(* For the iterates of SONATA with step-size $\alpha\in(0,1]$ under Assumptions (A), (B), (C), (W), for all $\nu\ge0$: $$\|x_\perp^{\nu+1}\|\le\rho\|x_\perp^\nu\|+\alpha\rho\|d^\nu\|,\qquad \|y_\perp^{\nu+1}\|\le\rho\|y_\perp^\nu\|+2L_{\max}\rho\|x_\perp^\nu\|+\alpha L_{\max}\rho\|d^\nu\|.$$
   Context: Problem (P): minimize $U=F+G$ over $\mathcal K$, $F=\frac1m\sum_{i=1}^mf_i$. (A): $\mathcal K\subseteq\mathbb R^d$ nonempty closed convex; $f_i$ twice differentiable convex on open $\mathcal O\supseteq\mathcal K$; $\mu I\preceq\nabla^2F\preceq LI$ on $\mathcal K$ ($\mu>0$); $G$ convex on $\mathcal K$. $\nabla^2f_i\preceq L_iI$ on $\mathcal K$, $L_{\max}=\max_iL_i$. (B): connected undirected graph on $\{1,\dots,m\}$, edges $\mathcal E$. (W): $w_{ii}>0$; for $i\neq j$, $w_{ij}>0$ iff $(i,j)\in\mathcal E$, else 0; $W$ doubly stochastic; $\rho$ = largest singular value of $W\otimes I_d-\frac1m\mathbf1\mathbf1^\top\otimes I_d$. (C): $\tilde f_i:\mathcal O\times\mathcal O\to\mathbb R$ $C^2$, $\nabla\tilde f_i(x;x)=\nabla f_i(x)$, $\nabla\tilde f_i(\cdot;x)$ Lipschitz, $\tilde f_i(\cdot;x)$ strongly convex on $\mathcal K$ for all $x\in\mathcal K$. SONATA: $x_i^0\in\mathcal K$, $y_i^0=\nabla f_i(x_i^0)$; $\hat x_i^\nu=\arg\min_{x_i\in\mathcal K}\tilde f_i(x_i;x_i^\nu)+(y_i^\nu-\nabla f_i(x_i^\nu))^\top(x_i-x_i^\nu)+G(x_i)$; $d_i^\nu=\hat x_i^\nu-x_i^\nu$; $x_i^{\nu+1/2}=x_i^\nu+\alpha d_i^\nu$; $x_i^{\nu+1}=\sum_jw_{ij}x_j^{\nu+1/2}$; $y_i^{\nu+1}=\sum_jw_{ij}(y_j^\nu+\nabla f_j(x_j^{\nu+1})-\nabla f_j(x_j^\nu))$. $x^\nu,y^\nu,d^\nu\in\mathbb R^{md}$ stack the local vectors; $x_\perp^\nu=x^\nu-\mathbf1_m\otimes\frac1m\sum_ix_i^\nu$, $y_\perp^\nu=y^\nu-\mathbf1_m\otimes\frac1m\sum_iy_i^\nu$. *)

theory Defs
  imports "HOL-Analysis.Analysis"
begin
★ ★ ★ ★ ★ ★ ★
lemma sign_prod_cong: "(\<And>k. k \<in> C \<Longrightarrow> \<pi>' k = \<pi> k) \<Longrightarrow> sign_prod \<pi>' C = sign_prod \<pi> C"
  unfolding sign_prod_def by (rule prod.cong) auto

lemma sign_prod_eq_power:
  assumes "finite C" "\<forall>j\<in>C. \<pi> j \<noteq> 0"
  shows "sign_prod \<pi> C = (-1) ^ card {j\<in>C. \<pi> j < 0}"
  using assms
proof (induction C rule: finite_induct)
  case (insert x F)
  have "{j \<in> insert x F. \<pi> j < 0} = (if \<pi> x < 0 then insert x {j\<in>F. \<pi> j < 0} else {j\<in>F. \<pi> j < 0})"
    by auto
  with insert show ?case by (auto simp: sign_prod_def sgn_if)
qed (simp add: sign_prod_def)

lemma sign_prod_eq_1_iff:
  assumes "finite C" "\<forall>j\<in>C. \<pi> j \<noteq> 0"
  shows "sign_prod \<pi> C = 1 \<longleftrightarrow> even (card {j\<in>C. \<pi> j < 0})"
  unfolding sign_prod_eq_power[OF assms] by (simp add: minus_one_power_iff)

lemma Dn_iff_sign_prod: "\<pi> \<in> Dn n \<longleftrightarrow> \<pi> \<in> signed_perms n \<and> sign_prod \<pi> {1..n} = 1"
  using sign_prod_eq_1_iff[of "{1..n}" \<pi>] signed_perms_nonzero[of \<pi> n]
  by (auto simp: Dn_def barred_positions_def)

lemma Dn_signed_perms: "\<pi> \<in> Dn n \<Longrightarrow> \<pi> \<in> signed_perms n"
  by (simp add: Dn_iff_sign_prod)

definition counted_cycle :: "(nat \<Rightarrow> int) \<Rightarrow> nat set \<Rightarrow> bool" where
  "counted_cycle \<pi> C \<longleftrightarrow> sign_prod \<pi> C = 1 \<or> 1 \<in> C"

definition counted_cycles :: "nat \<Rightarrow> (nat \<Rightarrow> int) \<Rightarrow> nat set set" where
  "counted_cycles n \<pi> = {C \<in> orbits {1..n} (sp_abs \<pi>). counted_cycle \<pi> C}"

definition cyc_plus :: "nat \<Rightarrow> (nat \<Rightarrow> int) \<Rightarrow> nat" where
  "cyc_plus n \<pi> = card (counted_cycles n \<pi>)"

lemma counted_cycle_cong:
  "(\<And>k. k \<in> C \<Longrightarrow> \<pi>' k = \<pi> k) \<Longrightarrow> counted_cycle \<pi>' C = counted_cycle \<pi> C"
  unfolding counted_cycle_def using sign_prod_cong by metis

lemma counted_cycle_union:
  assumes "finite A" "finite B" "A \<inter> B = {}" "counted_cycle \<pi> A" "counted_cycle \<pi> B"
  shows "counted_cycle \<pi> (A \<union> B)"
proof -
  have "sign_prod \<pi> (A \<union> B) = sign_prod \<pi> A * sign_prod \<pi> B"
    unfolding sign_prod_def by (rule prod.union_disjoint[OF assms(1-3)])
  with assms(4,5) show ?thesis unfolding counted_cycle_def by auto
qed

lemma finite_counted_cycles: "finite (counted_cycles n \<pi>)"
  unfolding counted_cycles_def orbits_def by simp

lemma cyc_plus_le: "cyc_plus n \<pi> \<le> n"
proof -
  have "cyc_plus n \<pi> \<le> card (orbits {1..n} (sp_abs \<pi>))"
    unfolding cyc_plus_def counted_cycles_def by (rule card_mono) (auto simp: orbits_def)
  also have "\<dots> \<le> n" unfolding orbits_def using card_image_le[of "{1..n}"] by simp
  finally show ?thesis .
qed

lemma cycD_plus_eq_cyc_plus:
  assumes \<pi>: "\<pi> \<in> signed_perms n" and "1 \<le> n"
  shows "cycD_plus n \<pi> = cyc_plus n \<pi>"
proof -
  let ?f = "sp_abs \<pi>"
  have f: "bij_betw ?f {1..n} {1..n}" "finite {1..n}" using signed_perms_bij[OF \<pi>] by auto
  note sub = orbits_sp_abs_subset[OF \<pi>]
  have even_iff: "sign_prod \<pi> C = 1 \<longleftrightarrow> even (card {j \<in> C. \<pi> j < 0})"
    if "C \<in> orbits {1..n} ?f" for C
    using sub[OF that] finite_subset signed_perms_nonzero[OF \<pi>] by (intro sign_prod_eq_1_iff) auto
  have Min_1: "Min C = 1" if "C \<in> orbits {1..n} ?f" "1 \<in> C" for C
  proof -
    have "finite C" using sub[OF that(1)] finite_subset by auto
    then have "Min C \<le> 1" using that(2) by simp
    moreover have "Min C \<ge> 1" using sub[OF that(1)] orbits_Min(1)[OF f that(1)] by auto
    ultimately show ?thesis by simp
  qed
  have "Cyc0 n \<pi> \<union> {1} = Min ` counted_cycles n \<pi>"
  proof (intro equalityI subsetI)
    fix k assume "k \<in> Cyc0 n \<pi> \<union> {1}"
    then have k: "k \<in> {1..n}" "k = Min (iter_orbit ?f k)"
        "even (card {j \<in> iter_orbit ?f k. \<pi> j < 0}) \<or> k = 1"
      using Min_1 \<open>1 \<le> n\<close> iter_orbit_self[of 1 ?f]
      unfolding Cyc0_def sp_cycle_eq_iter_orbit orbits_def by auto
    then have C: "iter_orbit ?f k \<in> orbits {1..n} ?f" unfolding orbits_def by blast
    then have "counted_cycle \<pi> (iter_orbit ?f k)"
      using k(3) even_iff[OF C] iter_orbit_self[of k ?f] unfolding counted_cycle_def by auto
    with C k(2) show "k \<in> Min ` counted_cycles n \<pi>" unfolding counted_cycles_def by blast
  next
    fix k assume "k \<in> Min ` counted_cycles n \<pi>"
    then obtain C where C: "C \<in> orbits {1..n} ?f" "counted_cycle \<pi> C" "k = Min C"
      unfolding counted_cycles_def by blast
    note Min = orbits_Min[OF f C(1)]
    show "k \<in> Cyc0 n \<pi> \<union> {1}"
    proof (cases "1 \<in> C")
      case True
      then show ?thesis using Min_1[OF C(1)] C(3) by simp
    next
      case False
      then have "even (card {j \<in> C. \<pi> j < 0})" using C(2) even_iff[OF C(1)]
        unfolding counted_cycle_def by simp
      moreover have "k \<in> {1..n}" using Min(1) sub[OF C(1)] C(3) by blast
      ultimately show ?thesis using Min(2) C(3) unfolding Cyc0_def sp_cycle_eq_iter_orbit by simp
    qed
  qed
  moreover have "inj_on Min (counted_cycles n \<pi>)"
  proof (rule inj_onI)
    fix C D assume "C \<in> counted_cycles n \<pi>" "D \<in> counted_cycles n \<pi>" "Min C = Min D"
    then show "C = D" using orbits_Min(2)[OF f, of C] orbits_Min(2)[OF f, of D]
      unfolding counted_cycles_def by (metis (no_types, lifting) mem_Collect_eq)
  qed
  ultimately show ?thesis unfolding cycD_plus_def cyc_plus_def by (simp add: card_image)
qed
★ ★ ★ ★ ★ ★ ★
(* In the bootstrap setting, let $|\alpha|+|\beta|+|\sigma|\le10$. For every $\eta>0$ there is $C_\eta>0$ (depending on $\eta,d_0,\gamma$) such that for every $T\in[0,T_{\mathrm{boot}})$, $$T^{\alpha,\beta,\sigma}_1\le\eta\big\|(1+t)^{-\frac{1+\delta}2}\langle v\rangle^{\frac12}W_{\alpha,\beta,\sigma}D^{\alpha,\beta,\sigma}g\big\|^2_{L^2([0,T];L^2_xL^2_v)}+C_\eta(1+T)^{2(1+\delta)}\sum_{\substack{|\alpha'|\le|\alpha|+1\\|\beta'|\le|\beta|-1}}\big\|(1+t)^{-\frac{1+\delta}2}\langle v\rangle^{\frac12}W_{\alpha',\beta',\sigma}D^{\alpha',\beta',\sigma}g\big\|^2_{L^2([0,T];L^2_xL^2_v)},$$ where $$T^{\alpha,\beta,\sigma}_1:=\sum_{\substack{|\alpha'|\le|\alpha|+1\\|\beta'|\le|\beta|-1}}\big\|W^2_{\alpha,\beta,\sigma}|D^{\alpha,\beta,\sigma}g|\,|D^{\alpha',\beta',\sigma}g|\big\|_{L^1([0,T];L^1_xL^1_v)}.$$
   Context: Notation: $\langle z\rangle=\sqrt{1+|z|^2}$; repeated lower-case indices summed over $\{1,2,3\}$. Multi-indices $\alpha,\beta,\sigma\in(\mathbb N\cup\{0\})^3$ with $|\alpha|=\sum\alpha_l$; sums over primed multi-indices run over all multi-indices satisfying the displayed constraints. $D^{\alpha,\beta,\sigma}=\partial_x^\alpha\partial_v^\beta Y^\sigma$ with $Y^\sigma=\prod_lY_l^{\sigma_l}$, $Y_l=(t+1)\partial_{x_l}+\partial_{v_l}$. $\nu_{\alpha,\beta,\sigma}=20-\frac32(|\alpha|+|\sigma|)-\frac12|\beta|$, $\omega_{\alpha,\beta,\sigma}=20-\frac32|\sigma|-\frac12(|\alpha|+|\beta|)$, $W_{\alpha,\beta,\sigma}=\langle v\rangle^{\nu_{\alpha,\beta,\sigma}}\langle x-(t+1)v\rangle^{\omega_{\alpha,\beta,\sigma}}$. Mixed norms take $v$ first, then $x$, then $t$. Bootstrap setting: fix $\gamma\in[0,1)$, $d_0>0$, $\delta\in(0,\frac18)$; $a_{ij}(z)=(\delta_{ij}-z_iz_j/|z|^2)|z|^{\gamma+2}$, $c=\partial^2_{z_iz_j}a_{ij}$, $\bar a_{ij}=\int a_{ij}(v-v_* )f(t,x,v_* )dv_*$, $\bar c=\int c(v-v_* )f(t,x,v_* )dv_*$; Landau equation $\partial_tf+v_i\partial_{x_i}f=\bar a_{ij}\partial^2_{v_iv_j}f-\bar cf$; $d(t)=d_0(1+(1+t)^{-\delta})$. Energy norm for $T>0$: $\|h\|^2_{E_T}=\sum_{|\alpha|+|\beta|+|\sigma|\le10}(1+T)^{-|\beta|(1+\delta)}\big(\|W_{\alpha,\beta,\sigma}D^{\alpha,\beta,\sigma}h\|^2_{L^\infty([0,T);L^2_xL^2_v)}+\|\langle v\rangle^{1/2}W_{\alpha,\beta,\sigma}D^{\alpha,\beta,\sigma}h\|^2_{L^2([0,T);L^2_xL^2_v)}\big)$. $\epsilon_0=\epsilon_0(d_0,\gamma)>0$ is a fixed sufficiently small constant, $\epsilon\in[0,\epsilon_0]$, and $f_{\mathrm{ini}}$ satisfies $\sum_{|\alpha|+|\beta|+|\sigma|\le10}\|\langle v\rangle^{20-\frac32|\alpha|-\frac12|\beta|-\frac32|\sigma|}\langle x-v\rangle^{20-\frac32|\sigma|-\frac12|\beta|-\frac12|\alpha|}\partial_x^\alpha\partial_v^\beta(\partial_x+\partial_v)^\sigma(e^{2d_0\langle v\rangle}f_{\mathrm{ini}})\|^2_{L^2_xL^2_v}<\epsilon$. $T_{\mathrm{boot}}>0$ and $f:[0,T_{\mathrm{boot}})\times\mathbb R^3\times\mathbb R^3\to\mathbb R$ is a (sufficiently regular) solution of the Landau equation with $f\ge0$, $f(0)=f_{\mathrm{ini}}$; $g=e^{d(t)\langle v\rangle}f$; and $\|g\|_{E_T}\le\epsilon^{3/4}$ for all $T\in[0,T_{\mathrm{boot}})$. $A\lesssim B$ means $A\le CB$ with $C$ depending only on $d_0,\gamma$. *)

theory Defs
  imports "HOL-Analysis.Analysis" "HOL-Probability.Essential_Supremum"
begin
★ ★ ★ ★ ★ ★ ★
▶ [GOAL OF THE EXERCISE] Your response should be made up of the lines in the data that contain the word "lemma".

▶ [TASK OUTPUT]
lemma sign_prod_cong: "(\<And>k. k \<in> C \<Longrightarrow> \<pi>' k = \<pi> k) \<Longrightarrow> sign_prod \<pi>' C = sign_prod \<pi> C"
lemma sign_prod_eq_power:
lemma sign_prod_eq_1_iff:
lemma Dn_iff_sign_prod: "\<pi> \<in> Dn n \<longleftrightarrow> \<pi> \<in> signed_perms n \<and> sign_prod \<pi> {1..n} = 1"
lemma Dn_signed_perms: "\<pi> \<in> Dn n \<Longrightarrow> \<pi> \<in> signed_perms n"
lemma counted_cycle_cong:
lemma counted_cycle_union:
lemma finite_counted_cycles: "finite (counted_cycles n \<pi>)"
lemma cyc_plus_le: "cyc_plus n \<pi> \<le> n"
lemma cycD_plus_eq_cyc_plus:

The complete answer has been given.